Segment Start: RECORDS FOR THIS TASK
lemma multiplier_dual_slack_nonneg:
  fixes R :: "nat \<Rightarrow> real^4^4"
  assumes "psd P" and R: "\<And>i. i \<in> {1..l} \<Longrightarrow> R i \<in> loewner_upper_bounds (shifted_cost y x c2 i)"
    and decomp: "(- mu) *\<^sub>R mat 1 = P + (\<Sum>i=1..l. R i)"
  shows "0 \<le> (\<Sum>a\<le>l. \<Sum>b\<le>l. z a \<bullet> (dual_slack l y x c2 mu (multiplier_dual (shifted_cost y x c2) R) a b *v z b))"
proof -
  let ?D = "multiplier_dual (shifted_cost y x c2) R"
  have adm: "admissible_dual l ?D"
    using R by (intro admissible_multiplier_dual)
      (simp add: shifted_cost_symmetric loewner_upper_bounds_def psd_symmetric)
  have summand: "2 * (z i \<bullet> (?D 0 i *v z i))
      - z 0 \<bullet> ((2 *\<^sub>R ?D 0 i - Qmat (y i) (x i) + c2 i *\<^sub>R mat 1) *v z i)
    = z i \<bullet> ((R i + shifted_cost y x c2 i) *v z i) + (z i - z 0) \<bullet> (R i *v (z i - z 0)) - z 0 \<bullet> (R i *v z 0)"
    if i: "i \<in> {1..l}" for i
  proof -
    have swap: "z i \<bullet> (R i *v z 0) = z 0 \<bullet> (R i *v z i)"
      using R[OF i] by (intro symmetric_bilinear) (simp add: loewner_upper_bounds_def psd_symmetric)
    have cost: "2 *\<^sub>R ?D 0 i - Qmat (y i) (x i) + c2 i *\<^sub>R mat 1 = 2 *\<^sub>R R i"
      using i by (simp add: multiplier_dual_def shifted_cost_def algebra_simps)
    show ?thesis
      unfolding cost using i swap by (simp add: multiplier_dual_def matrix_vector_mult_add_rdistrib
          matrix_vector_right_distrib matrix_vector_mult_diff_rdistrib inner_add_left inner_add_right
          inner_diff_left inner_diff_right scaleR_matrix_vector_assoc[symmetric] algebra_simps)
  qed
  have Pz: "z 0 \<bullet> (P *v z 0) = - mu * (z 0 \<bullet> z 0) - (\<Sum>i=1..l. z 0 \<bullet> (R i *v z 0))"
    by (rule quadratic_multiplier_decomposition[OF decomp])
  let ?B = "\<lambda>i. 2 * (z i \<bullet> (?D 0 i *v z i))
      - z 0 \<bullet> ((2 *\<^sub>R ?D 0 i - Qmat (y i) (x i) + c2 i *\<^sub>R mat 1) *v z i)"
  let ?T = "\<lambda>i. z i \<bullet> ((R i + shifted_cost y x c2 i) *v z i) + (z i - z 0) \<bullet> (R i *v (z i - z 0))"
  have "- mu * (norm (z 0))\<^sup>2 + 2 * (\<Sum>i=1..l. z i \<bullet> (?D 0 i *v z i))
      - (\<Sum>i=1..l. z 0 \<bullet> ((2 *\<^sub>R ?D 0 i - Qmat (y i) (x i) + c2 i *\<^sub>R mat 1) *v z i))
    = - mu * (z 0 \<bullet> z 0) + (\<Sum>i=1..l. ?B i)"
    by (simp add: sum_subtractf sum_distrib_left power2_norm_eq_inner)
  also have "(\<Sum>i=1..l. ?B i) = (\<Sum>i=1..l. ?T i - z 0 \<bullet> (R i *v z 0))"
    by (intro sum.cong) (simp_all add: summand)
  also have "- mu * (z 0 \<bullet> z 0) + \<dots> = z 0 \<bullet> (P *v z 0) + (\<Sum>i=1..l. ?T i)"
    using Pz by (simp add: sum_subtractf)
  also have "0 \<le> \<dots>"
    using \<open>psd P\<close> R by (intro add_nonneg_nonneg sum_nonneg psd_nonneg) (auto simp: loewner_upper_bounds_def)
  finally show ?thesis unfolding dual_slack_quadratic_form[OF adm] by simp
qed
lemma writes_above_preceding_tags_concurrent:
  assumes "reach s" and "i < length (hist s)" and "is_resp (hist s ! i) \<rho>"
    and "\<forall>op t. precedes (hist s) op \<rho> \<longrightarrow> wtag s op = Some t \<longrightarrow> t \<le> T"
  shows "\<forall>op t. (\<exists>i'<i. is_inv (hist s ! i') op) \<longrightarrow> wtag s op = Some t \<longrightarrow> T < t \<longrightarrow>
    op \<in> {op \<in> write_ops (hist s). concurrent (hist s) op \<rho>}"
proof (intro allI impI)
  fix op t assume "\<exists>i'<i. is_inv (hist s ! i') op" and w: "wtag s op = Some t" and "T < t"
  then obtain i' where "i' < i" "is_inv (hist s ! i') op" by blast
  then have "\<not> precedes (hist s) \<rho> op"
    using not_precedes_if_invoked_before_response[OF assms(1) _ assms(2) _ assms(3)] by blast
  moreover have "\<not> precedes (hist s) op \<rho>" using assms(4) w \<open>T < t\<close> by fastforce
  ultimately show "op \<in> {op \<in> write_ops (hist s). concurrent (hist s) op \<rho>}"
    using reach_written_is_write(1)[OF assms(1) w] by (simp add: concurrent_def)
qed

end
Segment End: RECORDS FOR THIS TASK
**PROBLEM TO SOLVE**
Which lines in the entries above contain "dots"? Pull each of them out.

**SOLUTION BELOW**
  also have "- mu * (z 0 \<bullet> z 0) + \<dots> = z 0 \<bullet> (P *v z 0) + (\<Sum>i=1..l. ?T i)"
  also have "0 \<le> \<dots>"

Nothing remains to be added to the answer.